• [PROMPT]
Look below for the line that has "then show ?thesis". Set down the lines from there through the line that has "by (metis abs_Re_le_cmod", exactly as written.

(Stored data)
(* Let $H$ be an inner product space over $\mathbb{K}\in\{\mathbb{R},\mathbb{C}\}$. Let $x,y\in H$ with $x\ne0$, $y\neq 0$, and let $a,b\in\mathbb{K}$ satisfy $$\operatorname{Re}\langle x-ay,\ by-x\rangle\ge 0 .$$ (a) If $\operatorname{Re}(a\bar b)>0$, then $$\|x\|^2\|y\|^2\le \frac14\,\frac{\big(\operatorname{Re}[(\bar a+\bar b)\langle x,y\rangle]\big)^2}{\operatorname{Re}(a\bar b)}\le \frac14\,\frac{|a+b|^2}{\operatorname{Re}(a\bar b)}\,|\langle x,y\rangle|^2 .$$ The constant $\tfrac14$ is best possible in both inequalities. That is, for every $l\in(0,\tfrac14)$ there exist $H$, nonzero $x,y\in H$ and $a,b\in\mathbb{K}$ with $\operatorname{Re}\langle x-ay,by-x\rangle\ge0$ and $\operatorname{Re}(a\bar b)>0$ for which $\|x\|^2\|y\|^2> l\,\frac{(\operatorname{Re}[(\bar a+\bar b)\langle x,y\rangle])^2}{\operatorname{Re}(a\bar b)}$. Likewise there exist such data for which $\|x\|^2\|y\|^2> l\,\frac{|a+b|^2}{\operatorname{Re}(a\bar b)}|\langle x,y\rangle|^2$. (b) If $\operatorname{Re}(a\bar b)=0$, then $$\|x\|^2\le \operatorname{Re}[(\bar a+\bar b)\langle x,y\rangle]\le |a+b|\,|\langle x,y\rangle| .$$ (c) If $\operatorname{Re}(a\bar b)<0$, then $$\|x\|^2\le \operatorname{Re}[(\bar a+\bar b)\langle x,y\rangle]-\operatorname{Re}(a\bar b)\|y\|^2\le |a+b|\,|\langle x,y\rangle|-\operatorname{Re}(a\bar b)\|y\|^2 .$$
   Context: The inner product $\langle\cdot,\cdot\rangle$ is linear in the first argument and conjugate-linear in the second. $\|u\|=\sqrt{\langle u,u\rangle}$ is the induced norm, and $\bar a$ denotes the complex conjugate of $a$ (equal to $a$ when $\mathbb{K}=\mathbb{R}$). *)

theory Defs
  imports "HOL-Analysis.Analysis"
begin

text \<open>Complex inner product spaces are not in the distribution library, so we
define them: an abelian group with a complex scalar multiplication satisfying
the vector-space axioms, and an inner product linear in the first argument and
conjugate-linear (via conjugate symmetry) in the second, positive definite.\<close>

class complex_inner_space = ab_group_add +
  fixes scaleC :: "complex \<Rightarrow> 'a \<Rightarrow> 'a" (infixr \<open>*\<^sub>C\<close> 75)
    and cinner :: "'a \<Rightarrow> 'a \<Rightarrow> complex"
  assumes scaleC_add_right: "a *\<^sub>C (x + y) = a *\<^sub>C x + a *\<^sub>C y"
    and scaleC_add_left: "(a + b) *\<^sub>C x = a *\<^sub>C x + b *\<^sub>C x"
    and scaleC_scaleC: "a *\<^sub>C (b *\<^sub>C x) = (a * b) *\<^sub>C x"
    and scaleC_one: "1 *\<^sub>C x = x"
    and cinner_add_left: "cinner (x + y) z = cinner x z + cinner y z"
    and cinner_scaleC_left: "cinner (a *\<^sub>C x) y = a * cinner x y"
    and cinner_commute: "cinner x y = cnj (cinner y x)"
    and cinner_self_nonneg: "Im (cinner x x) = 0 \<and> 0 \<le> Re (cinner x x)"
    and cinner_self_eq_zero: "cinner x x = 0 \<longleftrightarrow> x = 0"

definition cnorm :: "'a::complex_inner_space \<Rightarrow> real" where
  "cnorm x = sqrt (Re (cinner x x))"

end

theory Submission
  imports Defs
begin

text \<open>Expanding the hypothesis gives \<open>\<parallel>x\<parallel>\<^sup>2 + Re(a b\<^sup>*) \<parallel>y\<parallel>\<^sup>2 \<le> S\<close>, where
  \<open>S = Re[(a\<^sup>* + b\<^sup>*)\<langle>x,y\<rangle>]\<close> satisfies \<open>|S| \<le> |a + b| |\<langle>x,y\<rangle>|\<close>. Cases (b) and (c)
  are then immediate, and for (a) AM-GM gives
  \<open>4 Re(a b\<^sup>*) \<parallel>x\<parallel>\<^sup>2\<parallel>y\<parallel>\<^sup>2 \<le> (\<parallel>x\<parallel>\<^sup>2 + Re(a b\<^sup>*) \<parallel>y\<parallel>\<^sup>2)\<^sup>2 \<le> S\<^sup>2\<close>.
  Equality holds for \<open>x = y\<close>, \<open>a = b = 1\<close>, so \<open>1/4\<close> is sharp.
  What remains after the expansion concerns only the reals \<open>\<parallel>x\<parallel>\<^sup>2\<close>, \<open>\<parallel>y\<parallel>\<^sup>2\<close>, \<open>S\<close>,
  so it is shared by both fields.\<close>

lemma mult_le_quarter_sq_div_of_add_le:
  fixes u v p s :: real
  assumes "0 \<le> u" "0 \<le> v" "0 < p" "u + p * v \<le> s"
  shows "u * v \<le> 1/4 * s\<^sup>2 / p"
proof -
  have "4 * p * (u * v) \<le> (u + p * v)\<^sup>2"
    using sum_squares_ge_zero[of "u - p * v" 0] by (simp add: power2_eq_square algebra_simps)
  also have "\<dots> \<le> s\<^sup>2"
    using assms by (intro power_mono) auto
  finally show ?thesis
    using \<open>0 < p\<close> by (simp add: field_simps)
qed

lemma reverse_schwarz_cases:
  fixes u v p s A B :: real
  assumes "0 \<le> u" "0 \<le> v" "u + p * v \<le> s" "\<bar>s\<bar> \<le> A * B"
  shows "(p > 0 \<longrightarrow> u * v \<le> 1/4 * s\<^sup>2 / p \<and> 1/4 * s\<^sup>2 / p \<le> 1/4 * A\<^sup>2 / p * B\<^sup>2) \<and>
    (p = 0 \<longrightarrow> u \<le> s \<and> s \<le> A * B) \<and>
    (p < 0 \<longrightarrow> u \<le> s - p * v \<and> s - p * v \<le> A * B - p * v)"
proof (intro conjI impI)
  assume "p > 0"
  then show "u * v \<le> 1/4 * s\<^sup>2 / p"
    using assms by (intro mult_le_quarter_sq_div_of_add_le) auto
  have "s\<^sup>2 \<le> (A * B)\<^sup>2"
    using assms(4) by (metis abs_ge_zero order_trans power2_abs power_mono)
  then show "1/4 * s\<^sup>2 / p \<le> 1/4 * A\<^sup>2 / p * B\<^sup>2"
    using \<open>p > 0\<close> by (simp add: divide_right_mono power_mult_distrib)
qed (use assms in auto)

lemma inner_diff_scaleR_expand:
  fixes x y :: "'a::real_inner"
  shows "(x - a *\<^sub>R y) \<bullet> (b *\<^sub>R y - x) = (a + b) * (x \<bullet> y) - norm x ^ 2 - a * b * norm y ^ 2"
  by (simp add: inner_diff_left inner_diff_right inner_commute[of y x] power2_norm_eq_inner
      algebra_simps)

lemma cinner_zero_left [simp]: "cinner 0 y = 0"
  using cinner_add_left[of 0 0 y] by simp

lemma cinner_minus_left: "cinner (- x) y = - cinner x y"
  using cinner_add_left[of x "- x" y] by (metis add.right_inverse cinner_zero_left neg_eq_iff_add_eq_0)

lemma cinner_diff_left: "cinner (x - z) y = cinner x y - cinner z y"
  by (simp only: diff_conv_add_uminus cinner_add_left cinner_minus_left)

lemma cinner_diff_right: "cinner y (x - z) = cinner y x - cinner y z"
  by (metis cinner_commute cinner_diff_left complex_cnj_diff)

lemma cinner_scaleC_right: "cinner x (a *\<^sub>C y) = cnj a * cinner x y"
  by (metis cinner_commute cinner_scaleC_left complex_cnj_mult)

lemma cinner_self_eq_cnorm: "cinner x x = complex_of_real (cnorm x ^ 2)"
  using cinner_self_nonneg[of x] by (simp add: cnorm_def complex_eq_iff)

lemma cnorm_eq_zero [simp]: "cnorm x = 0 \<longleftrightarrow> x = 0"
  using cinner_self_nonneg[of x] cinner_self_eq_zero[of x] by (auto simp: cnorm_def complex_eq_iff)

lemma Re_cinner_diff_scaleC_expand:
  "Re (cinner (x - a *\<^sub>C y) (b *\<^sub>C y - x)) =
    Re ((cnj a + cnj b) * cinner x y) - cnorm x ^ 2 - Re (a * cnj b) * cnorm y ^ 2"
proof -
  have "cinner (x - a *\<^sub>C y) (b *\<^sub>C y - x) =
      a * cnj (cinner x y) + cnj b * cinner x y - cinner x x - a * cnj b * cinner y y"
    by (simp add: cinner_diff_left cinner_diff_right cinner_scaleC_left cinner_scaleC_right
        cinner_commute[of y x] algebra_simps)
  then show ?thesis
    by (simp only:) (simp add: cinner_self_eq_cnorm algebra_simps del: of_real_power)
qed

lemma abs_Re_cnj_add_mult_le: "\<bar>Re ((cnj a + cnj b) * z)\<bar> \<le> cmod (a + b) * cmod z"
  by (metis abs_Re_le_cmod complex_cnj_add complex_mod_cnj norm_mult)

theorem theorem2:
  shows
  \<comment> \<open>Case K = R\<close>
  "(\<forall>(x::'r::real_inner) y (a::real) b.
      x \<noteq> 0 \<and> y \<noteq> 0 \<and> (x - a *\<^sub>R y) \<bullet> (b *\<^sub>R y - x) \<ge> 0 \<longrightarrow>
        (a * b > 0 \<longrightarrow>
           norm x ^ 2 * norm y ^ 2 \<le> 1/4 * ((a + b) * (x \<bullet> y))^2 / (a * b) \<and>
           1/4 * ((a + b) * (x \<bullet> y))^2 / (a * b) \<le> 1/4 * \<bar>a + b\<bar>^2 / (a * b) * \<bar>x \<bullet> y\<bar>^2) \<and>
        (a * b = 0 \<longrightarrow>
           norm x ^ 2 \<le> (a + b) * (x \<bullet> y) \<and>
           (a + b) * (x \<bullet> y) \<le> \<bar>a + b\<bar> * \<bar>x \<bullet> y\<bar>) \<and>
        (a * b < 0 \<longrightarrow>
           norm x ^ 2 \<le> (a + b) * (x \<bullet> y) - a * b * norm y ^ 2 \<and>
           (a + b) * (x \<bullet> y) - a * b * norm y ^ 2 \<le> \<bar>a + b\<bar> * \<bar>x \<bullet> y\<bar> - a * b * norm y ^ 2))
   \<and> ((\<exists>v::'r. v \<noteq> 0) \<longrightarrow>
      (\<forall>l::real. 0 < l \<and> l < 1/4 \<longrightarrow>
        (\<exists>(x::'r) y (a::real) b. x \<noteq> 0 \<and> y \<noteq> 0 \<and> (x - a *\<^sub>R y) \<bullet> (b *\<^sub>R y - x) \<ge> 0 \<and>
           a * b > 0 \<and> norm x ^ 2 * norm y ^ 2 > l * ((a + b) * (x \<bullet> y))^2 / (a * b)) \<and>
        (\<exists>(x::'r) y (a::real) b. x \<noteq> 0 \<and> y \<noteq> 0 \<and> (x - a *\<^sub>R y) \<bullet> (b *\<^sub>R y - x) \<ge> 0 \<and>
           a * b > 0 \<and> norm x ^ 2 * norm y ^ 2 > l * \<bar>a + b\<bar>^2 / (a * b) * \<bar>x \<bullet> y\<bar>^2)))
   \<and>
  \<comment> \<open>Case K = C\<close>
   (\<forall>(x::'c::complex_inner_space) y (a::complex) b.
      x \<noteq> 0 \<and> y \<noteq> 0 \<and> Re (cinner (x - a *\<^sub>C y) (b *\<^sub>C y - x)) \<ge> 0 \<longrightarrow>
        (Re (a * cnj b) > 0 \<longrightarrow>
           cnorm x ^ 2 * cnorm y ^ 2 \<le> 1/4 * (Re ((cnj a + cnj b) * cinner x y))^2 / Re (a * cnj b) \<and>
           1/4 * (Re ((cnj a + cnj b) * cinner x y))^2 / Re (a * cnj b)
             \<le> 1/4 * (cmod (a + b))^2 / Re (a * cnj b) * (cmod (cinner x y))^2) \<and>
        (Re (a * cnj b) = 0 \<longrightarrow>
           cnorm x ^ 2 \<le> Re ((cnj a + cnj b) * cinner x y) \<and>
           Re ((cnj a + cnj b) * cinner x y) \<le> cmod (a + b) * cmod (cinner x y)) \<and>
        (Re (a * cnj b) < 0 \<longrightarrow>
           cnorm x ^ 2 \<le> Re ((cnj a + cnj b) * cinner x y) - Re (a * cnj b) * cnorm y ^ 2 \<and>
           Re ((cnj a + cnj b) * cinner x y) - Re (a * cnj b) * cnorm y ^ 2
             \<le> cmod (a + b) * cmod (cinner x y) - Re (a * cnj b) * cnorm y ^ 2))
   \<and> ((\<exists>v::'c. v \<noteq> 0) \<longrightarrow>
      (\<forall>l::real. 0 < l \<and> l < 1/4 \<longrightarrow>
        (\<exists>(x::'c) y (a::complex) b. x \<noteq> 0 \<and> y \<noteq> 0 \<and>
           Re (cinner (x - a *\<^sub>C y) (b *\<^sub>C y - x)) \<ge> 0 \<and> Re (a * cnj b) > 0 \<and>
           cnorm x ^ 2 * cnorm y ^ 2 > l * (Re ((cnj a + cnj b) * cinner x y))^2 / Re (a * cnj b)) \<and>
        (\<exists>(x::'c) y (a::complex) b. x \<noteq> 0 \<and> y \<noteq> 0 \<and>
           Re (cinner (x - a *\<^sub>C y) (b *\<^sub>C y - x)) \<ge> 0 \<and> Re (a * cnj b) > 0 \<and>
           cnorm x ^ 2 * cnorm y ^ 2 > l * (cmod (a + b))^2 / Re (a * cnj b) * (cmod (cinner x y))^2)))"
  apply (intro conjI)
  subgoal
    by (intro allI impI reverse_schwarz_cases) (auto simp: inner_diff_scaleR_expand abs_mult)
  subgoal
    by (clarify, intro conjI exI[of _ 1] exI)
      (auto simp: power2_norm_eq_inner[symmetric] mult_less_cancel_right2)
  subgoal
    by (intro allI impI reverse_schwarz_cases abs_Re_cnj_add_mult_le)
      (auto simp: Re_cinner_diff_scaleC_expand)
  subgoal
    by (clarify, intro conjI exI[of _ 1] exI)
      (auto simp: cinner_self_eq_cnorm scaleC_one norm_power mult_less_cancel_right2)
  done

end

• [EXPECTED ANSWER]
  then show ?thesis
    by (simp only:) (simp add: cinner_self_eq_cnorm algebra_simps del: of_real_power)
qed

lemma abs_Re_cnj_add_mult_le: "\<bar>Re ((cnj a + cnj b) * z)\<bar> \<le> cmod (a + b) * cmod z"
  by (metis abs_Re_le_cmod complex_cnj_add complex_mod_cnj norm_mult)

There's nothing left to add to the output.